Eski Dünya Maymunları (Cercopithecidae ailesi veya Catarrhini geçiş takımı) (babunlar ve makaklar); 135 tür maymunu kapsamaktadır. Çok geniş bir alanda yaşarlar ve temel olarak Afrika ve Asya'da bulunurlar. Bunlar, genellikle irilik açısından ortalama bir büyüklüğe sahiptirler. Kimi ağaçlar üzerinde yaşarken (arboreal), tamamen karada yaşayan (terrestial) türler de bulunmaktadır. Ağaçlar üzerinde yaşayan türlerin baş parmakları, ağaçlara asılı kalmaya elverişli bir biçimde evrimleşmiştir. Eski Dünya Maymunları'nın burunları basık değildir ve dardır. Ayrıca Yeni Dünya Maymunları'ndan farklı olarak kavrayıcı bir kuyruğa değil, kısa ve güçsüz bir kuyruğa sahiptirler. Bu tip maymunlarda 3 renkli (trikromatik) görüş bulunmaktadır. Eski Dünya Maymunları'nın 8 adet premolar dişi bulunmaktadır. Eski Dünya Maymunları'nın çoğu hem etçil hem otçuldur (omnivor) ancak genel olarak yeşillik ile beslenmeyi tercih ederler. Aralarında vejetaryen olaran türler de bulunur.

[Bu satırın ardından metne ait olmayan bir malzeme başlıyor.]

(* Let $1<p\leq\infty$ (with $1/\infty=0$) and let $M\in\mathcal C^3$ be a normalized Orlicz function with $M'(0)=0$ that is linear on $[M^{-1}(1),\infty)$ and such that \[ f_X(x)=\Big(1-\frac{2}{p}\Big)\frac{1}{x^3}M''\Big(\frac1x\Big)-\frac{1}{px^4}M'''\Big(\frac1x\Big) \] is non-negative for all $x>0$. Let $X$ be a random variable with density $f_X$ on $(0,\infty)$. Then $M_{X,p}(s)=M(s)$ for all $s\geq0$, where for $1<p<\infty$ \[ M_{X,p}(s)=\frac{p}{p-1}\int_0^s\bigg[\int_{\{|X|\le1/t\}}t^{p-1}|X|^p\,\mathrm d\mathbb P+\int_{\{|X|>1/t\}}|X|\,\mathrm d\mathbb P\bigg]\mathrm dt, \] and for $p=\infty$, $M_{X,\infty}(s)=\int_0^s\int_{\{|X|\ge1/t\}}|X|\,\mathrm d\mathbb P\,\mathrm dt$.
   Context: An Orlicz function is a convex $M:[0,\infty)\to[0,\infty)$ with $M(0)=0$, $M(t)>0$ for $t>0$; it is normalized if $\int_0^\infty x\,\mathrm dM'(x)=1$, $M'$ denoting the right derivative. *)

theory Defs
  imports "HOL-Probability.Probability"
begin

definition orlicz :: "(real \<Rightarrow> real) \<Rightarrow> bool" where
  "orlicz M \<longleftrightarrow> convex_on {0..} M \<and> M 0 = 0 \<and> (\<forall>t>0. M t > 0)"

definition right_deriv :: "(real \<Rightarrow> real) \<Rightarrow> real \<Rightarrow> real" where
  "right_deriv M x = Lim (at_right 0) (\<lambda>h. (M (x + h) - M x) / h)"

text \<open>Normalization: the Lebesgue-Stieltjes integral of x with respect to dM' over
  [0,inf) equals 1 (M' the right derivative, extended constantly to the left of 0;
  the point 0 carries weight x = 0 and is omitted).\<close>
definition normalized_orlicz :: "(real \<Rightarrow> real) \<Rightarrow> bool" where
  "normalized_orlicz M \<longleftrightarrow>
     (\<integral>\<^sup>+ x \<in> {0<..}. ennreal x \<partial>interval_measure (\<lambda>x. right_deriv M (max 0 x))) = 1"

definition orlicz_inv :: "(real \<Rightarrow> real) \<Rightarrow> real \<Rightarrow> real" where
  "orlicz_inv M y = (THE t. 0 \<le> t \<and> M t = y)"

definition inv_p :: "ereal \<Rightarrow> real" where
  "inv_p p = (if p = \<infinity> then 0 else 1 / real_of_ereal p)"

definition M_Xp :: "'a measure \<Rightarrow> ('a \<Rightarrow> real) \<Rightarrow> ereal \<Rightarrow> real \<Rightarrow> ennreal" where
  "M_Xp P X p s =
    (if p = \<infinity> then
       (\<integral>\<^sup>+ t \<in> {0..s}. (\<integral>\<^sup>+ \<omega>. indicator {\<omega>. \<bar>X \<omega>\<bar> \<ge> 1 / t} \<omega> * ennreal \<bar>X \<omega>\<bar> \<partial>P) \<partial>lborel)
     else
       (let q = real_of_ereal p in
        ennreal (q / (q - 1)) *
        (\<integral>\<^sup>+ t \<in> {0..s}.
           (\<integral>\<^sup>+ \<omega>. indicator {\<omega>. \<bar>X \<omega>\<bar> \<le> 1 / t} \<omega> * ennreal (t powr (q - 1) * \<bar>X \<omega>\<bar> powr q)
                  + indicator {\<omega>. \<bar>X \<omega>\<bar> > 1 / t} \<omega> * ennreal \<bar>X \<omega>\<bar> \<partial>P) \<partial>lborel)))"

end

theory Submission
  imports Defs
begin

text \<open>Write \<open>r = 1/p\<close>. Up to the weights \<open>x\<close> and \<open>x\<^sup>p\<close> the density is an explicit derivative:
  \<open>x f\<^sub>X(x)\<close> is the derivative of \<open>r M''(1/x)/x - (1 - r) M'(1/x)\<close> and \<open>x\<^sup>p f\<^sub>X(x)\<close> that of
  \<open>x\<^sup>p\<^sup>-\<^sup>2 M''(1/x)/p\<close>. Since \<open>M\<close> is affine far out, \<open>M''\<close> vanishes near infinity, so \<open>f\<^sub>X\<close>
  vanishes near \<open>0\<close> and both antiderivatives have trivial boundary values (at \<open>\<infinity>\<close> because
  \<open>M'(0) = 0\<close>). The fundamental theorem of calculus then evaluates the integrand of \<open>M\<^sub>X\<^sub>,\<^sub>p\<close> at
  \<open>t\<close> as \<open>r t M''(t) + ((1 - r) M'(t) - r t M''(t)) = (1 - r) M'(t)\<close>; integrating in \<open>t\<close> gives
  \<open>(1 - r) M(s)\<close>, which the factor \<open>p/(p - 1)\<close> cancels.\<close>

lemma DERIV_eq_slope_of_affine:
  fixes f f' :: "real \<Rightarrow> real"
  assumes deriv: "\<And>x. c < x \<Longrightarrow> DERIV f x :> f' x"
    and affine: "\<And>x. c < x \<Longrightarrow> f x = a * x + b" and "c < x"
  shows "f' x = a"
proof -
  have "DERIV (\<lambda>x. a * x + b) x :> f' x"
    by (rule has_field_derivative_transform_within_open[OF deriv, of x "{c<..}"])
       (use assms in auto)
  moreover have "DERIV (\<lambda>x. a * x + b) x :> a"
    by (auto intro!: derivative_eq_intros)
  ultimately show ?thesis
    by (rule DERIV_unique)
qed

lemma DERIV_within_atLeast_imp_DERIV:
  fixes f :: "real \<Rightarrow> real"
  assumes "(f has_real_derivative D) (at x within {a..})" and "a < x"
  shows "DERIV f x :> D"
  using assms at_within_interior[of x "{a..}"] by simp

lemma DERIV_comp_inverse:
  fixes f :: "real \<Rightarrow> real"
  assumes "DERIV f (1 / x) :> D" and "x \<noteq> 0"
  shows "DERIV (\<lambda>x. f (1 / x)) x :> - D / x\<^sup>2"
proof -
  have "DERIV (\<lambda>x. 1 / x) x :> - 1 / x\<^sup>2"
    using assms(2) by (auto intro!: derivative_eq_intros simp: power2_eq_square)
  from DERIV_chain2[OF assms(1) this] show ?thesis
    by simp
qed

lemma DERIV_nonneg_tendsto_0_imp_nonpos:
  fixes G g :: "real \<Rightarrow> real"
  assumes "\<And>x. a \<le> x \<Longrightarrow> DERIV G x :> g x" and "\<And>x. a \<le> x \<Longrightarrow> 0 \<le> g x"
    and "(G \<longlongrightarrow> 0) at_top"
  shows "G a \<le> 0"
proof -
  have "\<forall>\<^sub>F y in at_top. G a \<le> G y"
    using eventually_ge_at_top[of a]
  proof eventually_elim
    case (elim y)
    show ?case
      by (rule DERIV_nonneg_imp_nondecreasing[OF elim]) (use assms(1,2) in blast)
  qed
  from tendsto_lowerbound[OF assms(3) this] show ?thesis
    by simp
qed

lemma nn_integral_atLeastAtMost_FTC:
  fixes F f :: "real \<Rightarrow> real"
  assumes "a \<le> b"
    and deriv: "\<And>x. x \<in> {a..b} \<Longrightarrow> (F has_real_derivative f x) (at x within {a..b})"
    and nonneg: "\<And>x. x \<in> {a..b} \<Longrightarrow> 0 \<le> f x"
  shows "(\<integral>\<^sup>+x. ennreal (f x) * indicator {a..b} x \<partial>lborel) = ennreal (F b - F a)"
    and "F a \<le> F b"
proof -
  have I: "(f has_integral F b - F a) {a..b}"
    using assms(1) deriv
    by (intro fundamental_theorem_of_calculus) (auto simp: has_real_derivative_iff_has_vector_derivative)
  show "(\<integral>\<^sup>+x. ennreal (f x) * indicator {a..b} x \<partial>lborel) = ennreal (F b - F a)"
    using nonneg I by (rule nn_integral_has_integral_lebesgue')
  show "F a \<le> F b"
    using has_integral_nonneg[OF I nonneg] by simp
qed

İnsaymunlar (Apes / Hominoidea); 135 tür gibonu barındıran Gibongiller (Hylobatidae: "küçük insansı maymunlar" veya "düşük insaymunlar") familyasını ve 4 tür yüksek maymunu barındıran İnsangiller (Hominidae: büyük insansı maymunlar) familyasını kapsar. Bu İnsangiller ise şempanzeleri, gorilleri, insanları ve orangutanları barındırmaktadır. Goriller ve insanlar hariç tüm gerçek insaymunlar ağaçlara tırmanmakta ustadırlar. Hemen hemen hepsi hem etçil hem otçuldur (omnivor). İnsan türü Dünya'nın her yerine yayılmış olsa da, geri kalan İnsaymunların çoğu Afrika ve Asya'da yaşamaktadır. İnsanlar dışındaki insaymunların çoğu yok olma tehlikesi altındadırlar veya seyrek bulunurlar.

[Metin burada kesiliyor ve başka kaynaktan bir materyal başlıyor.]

lemma eta_pos: "\<eta> > 0"
  using lam_pos mu_pos q_less_1 by (simp add: eta_def)

lemma eta_powr_two_minus_q: "\<eta> powr (2 - q) = 2 * lam * mu * (1 - q)"
  using lam_pos mu_pos q_less_1 by (simp add: eta_def powr_powr)

lemma eta_powr_q_minus_2: "\<eta> powr (q - 2) = 1 / (2 * lam * mu * (1 - q))"
  using powr_minus_divide[of \<eta> "2 - q"] eta_powr_two_minus_q by simp

lemma eta_powr_q_minus_1: "\<eta> powr (q - 1) = \<eta> / (2 * lam * mu * (1 - q))"
  using powr_add[of \<eta> "q - 2" 1] eta_powr_q_minus_2 eta_pos by simp

lemma eta_powr_q: "\<eta> powr q = \<eta>\<^sup>2 / (2 * lam * mu * (1 - q))"
  using powr_add[of \<eta> "q - 2" 2] eta_powr_q_minus_2 eta_pos by simp

lemma tau_eq_eta: "\<tau> = (2 - q) / (2 - 2 * q) * \<eta>"
  by (simp add: tau_def eta_def)

lemma tau_pos: "\<tau> > 0"
  using eta_pos q_less_1 by (simp add: tau_eq_eta)

definition objective :: "real \<Rightarrow> real \<Rightarrow> real" where
  "objective z v = (z - v)\<^sup>2 / (2 * mu) + lam * \<bar>v\<bar> powr q"

lemma mem_prox_iff: "v \<in> prox lam mu q z \<longleftrightarrow> (\<forall>u. objective z v \<le> objective z u)"
  by (simp add: prox_def objective_def)

lemma objective_has_real_derivative:
  assumes "v \<noteq> 0"
  shows "(objective z has_real_derivative (v - z) / mu + lam * q * sgn v * \<bar>v\<bar> powr (q - 1)) (at v)"
proof -
  have "((\<lambda>u. (z - u)\<^sup>2 / (2 * mu)) has_real_derivative (v - z) / mu) (at v)"
    using mu_pos by (auto intro!: derivative_eq_intros simp: field_simps)
  from DERIV_add[OF this DERIV_cmult[OF abs_powr_has_real_derivative[OF assms], of lam]]
  show ?thesis by (simp add: objective_def [abs_def] mult.assoc)
qed

lemma prox_stationary:
  assumes "v \<in> prox lam mu q z" "v \<noteq> 0"
  shows "(v - z) / mu + lam * q * sgn v * \<bar>v\<bar> powr (q - 1) = 0"
  using DERIV_local_min[OF objective_has_real_derivative[OF assms(2)], of 1] assms(1)
  by (auto simp: mem_prox_iff)

lemma prox_nonzero_abs_ge_eta:
  assumes "v \<in> prox lam mu q z" "v \<noteq> 0"
  shows "\<eta> \<le> \<bar>v\<bar>"
proof (rule ccontr)
  assume "\<not> \<eta> \<le> \<bar>v\<bar>"
  define P where "P = \<bar>v\<bar> powr q"
  have "P > 0" using assms(2) by (simp add: P_def)
  have "v * ((v - z) / mu + lam * q * sgn v * \<bar>v\<bar> powr (q - 1)) = 0"
    using prox_stationary[OF assms] by simp
  then have "z * v = v\<^sup>2 + mu * lam * q * (sgn v * v * \<bar>v\<bar> powr (q - 1))"
    using mu_pos by (simp add: field_simps power2_eq_square)
  then have stationary: "z * v = v\<^sup>2 + mu * lam * q * P"
    by (simp add: sgn_mult_abs_powr[OF assms(2)] P_def)
  have "2 * mu * objective z v \<le> 2 * mu * objective z 0"
    using assms(1) mu_pos by (simp add: mem_prox_iff)
  then have "(z - v)\<^sup>2 + 2 * mu * lam * P \<le> z\<^sup>2"
    using mu_pos q_pos by (simp add: objective_def P_def algebra_simps)
  with stationary have "2 * lam * mu * (1 - q) * P \<le> v\<^sup>2"
    by (simp add: power2_eq_square algebra_simps)
  also have "v\<^sup>2 = \<bar>v\<bar> powr (2 - q) * P"
    using assms(2) by (simp add: P_def powr_add[symmetric])
  finally have "\<eta> powr (2 - q) \<le> \<bar>v\<bar> powr (2 - q)"
    using \<open>P > 0\<close> by (simp add: eta_powr_two_minus_q)
  moreover have "\<bar>v\<bar> powr (2 - q) < \<eta> powr (2 - q)"
    using \<open>\<not> \<eta> \<le> \<bar>v\<bar>\<close> q_less_1 by (intro powr_less_mono2) auto
  ultimately show False by simp
qed

definition psi :: "real \<Rightarrow> real" where
  "psi t = t + mu * lam * q * t powr (q - 1)"

lemma prox_nonzero_eq_sgn_psi:
  assumes "v \<in> prox lam mu q z" "v \<noteq> 0"
  shows "z = sgn v * psi \<bar>v\<bar>"
proof -
  have "z = v + mu * lam * q * sgn v * \<bar>v\<bar> powr (q - 1)"
    using prox_stationary[OF assms] mu_pos by (simp add: field_simps)
  then show ?thesis
    by (simp add: psi_def distrib_left sgn_mult_abs mult.assoc mult.left_commute)
qed

lemma psi_pos: "t > 0 \<Longrightarrow> psi t > 0"
  using mu_pos lam_pos q_pos by (simp add: psi_def add_pos_nonneg)

lemma psi_eta: "psi \<eta> = \<tau>"
  using lam_pos mu_pos q_less_1
  by (simp add: psi_def eta_powr_q_minus_1 tau_eq_eta field_simps)

lemma strict_mono_on_psi: "strict_mono_on {\<eta>..} psi"
proof (rule strict_mono_onI)
  fix a b assume "a \<in> {\<eta>..}" "b \<in> {\<eta>..}" "a < b"
  show "psi a < psi b"
    unfolding psi_def
  proof (rule DERIV_pos_imp_increasing[OF \<open>a < b\<close>])
    fix t assume "a \<le> t" "t \<le> b"
    then have "t > 0" "\<eta> \<le> t" using \<open>a \<in> {\<eta>..}\<close> eta_pos by auto
    have "t powr (q - 2) \<le> \<eta> powr (q - 2)"
      using \<open>\<eta> \<le> t\<close> eta_pos q_less_1 by (intro powr_mono2') auto
    then have "2 * lam * mu * (1 - q) * t powr (q - 2) \<le> 1"
      using lam_pos mu_pos q_less_1 by (simp add: eta_powr_q_minus_2 pos_le_divide_eq mult.commute)
    from mult_left_mono[OF this, of "q / 2"]
    have "mu * lam * q * (1 - q) * t powr (q - 2) \<le> q / 2"
      using q_pos by (simp add: algebra_simps)
    then have "0 < 1 + mu * lam * q * ((q - 1) * t powr (q - 1 - 1))"
      using q_less_1 by (simp add: algebra_simps)
    with DERIV_add[OF DERIV_ident DERIV_cmult[OF has_real_derivative_powr[OF \<open>t > 0\<close>]]]
    show "\<exists>d. ((\<lambda>t. t + mu * lam * q * t powr (q - 1)) has_real_derivative d) (at t) \<and> 0 < d"
      by blast
  qed
qed

lemma prox_nonzero_tau_le_abs:
  assumes "v \<in> prox lam mu q z" "v \<noteq> 0"
  shows "\<tau> \<le> \<bar>z\<bar>"
proof -
  have "\<tau> = psi \<eta>" by (simp add: psi_eta)
  also have "\<dots> \<le> psi \<bar>v\<bar>"
    using prox_nonzero_abs_ge_eta[OF assms] eta_pos
    by (intro strict_mono_on_leD[OF strict_mono_on_psi]) auto
  also have "\<dots> = \<bar>z\<bar>"
    using prox_nonzero_eq_sgn_psi[OF assms] psi_pos[of "\<bar>v\<bar>"] assms(2)
    by (simp add: abs_mult)
  finally show ?thesis .
qed

lemma zero_in_prox_abs_le_tau:
  assumes "0 \<in> prox lam mu q z"
  shows "\<bar>z\<bar> \<le> \<tau>"
proof (rule ccontr)
  assume "\<not> \<bar>z\<bar> \<le> \<tau>"
  then have "z \<noteq> 0" using tau_pos by auto
  have "(z - sgn z * \<eta>)\<^sup>2 = z\<^sup>2 - 2 * \<bar>z\<bar> * \<eta> + \<eta>\<^sup>2"
    using \<open>z \<noteq> 0\<close> by (simp add: power2_eq_square algebra_simps sgn_mult_abs abs_sgn)
  then have "objective z (sgn z * \<eta>) - objective z 0 = \<eta> * (\<tau> - \<bar>z\<bar>) / mu"
    using \<open>z \<noteq> 0\<close> eta_pos lam_pos mu_pos q_pos q_less_1
    by (simp add: objective_def abs_mult eta_powr_q tau_eq_eta field_simps power2_eq_square)
  also have "\<dots> < 0"
    using \<open>\<not> \<bar>z\<bar> \<le> \<tau>\<close> eta_pos mu_pos by (simp add: divide_neg_pos mult_pos_neg)
  finally show False
    using assms by (auto simp: mem_prox_iff dest: spec[of _ "sgn z * \<eta>"])
qed

lemma prox_nonempty: "\<exists>v. v \<in> prox lam mu q z"
proof -
  have "continuous_on (cball 0 (2 * \<bar>z\<bar>)) (objective z)"
    unfolding objective_def [abs_def]
    by (intro continuous_intros continuous_on_powr') (use q_pos mu_pos in auto)
  then obtain v where v: "\<forall>u \<in> cball 0 (2 * \<bar>z\<bar>). objective z v \<le> objective z u"
    using continuous_attains_inf[OF compact_cball _ \<open>continuous_on _ _\<close>] by auto
  have "objective z v \<le> objective z u" for u
  proof (cases "u \<in> cball 0 (2 * \<bar>z\<bar>)")
    case False
    then have "\<bar>z\<bar> \<le> \<bar>z - u\<bar>"
      by (simp add: dist_real_def)
    then have "\<bar>z\<bar>\<^sup>2 \<le> \<bar>z - u\<bar>\<^sup>2"
      by (intro power_mono) auto
    then have "objective z 0 \<le> objective z u"
      using mu_pos lam_pos q_pos by (simp add: objective_def divide_right_mono add_increasing2)
    moreover have "objective z v \<le> objective z 0"
      using v by simp
    ultimately show ?thesis by simp
  qed (use v in auto)
  then show ?thesis by (auto simp: mem_prox_iff)
qed

lemma prox_nonzero_unique:
  assumes "v\<^sub>1 \<in> prox lam mu q z" "v\<^sub>1 \<noteq> 0" "v\<^sub>2 \<in> prox lam mu q z" "v\<^sub>2 \<noteq> 0"
  shows "v\<^sub>1 = v\<^sub>2"
proof -
  have sgn_abs: "sgn z = sgn v \<and> \<bar>z\<bar> = psi \<bar>v\<bar>" if "v \<in> prox lam mu q z" "v \<noteq> 0" for v
    using prox_nonzero_eq_sgn_psi[OF that] psi_pos[of "\<bar>v\<bar>"] that(2) by (simp add: sgn_mult abs_mult)
  have "sgn z = sgn v\<^sub>1" "sgn z = sgn v\<^sub>2" "\<bar>z\<bar> = psi \<bar>v\<^sub>1\<bar>" "\<bar>z\<bar> = psi \<bar>v\<^sub>2\<bar>"
    using sgn_abs[OF assms(1,2)] sgn_abs[OF assms(3,4)] by blast+
  moreover have "\<bar>v\<^sub>1\<bar> = \<bar>v\<^sub>2\<bar>"
  proof (rule inj_onD[OF strict_mono_on_imp_inj_on[OF strict_mono_on_psi]])
    show "psi \<bar>v\<^sub>1\<bar> = psi \<bar>v\<^sub>2\<bar>"
      using \<open>\<bar>z\<bar> = psi \<bar>v\<^sub>1\<bar>\<close> \<open>\<bar>z\<bar> = psi \<bar>v\<^sub>2\<bar>\<close> by simp
    show "\<bar>v\<^sub>1\<bar> \<in> {\<eta>..}" "\<bar>v\<^sub>2\<bar> \<in> {\<eta>..}"
      using prox_nonzero_abs_ge_eta assms by auto
  qed
  ultimately show ?thesis by (metis sgn_mult_abs)
qed

lemma prox_unique:
  assumes "\<bar>z\<bar> \<noteq> \<tau>" "v\<^sub>1 \<in> prox lam mu q z" "v\<^sub>2 \<in> prox lam mu q z"
  shows "v\<^sub>1 = v\<^sub>2"
proof -
  have "v \<noteq> 0" if "v \<in> prox lam mu q z" "v' \<in> prox lam mu q z" "v' \<noteq> 0" for v v'
    using that assms(1) prox_nonzero_tau_le_abs zero_in_prox_abs_le_tau by force
  then show ?thesis
    using assms(2,3) prox_nonzero_unique by blast
qed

Okumanın zorlaşmaması adına, burada alt başlıklara bir son vererek yeni bir dallanmaya başlamak istiyoruz. Ancak öncesinde, bazı toparlayıcı açıklamalar yapmakta fayda görüyoruz: Buraya kadar anlamış olabileceğiniz gibi, hayvanların sınıflandırılması oldukça karışık ve zorlu bir iştir. Gerçekten Biyoloji konusunda uzman olmak gerekmektedir ve her biyologun da ustalıkla altından kalkabileceği bir iş değildir. Tek bir türün filogenetik sınıflandırılmasını incelemek bile çok uzun yıllar alabilmektedir. Bu sebepledir ki, birileri (binlerce bilim insanı) bütün ömürlerini tek bir türü ve ailesini anlamaya harcarken, 3-5 cahil veya bilgisiz insanın sırf para kaynaklarını kullanarak televizyon, gazete ve diğer yayın organları aracılığıyla, güvenilmez ve şahsi inançlarının kendilerine verdiği sözde yetkilere dayanarak, bu narin emeği hiçe sayarak bilime saldırmaları; sadece bilim düşmanlığından değil, emek hırsızlığı, korkaklık, üşengeçlik ve adilikten de kaynaklanmaktadır. Bu sebepledir ki Evrim Ağacı katiyetle bilim-dışı kaynaklara itibar etmez, edenlerin de bu manipülasyona alet olmasına izin vermez.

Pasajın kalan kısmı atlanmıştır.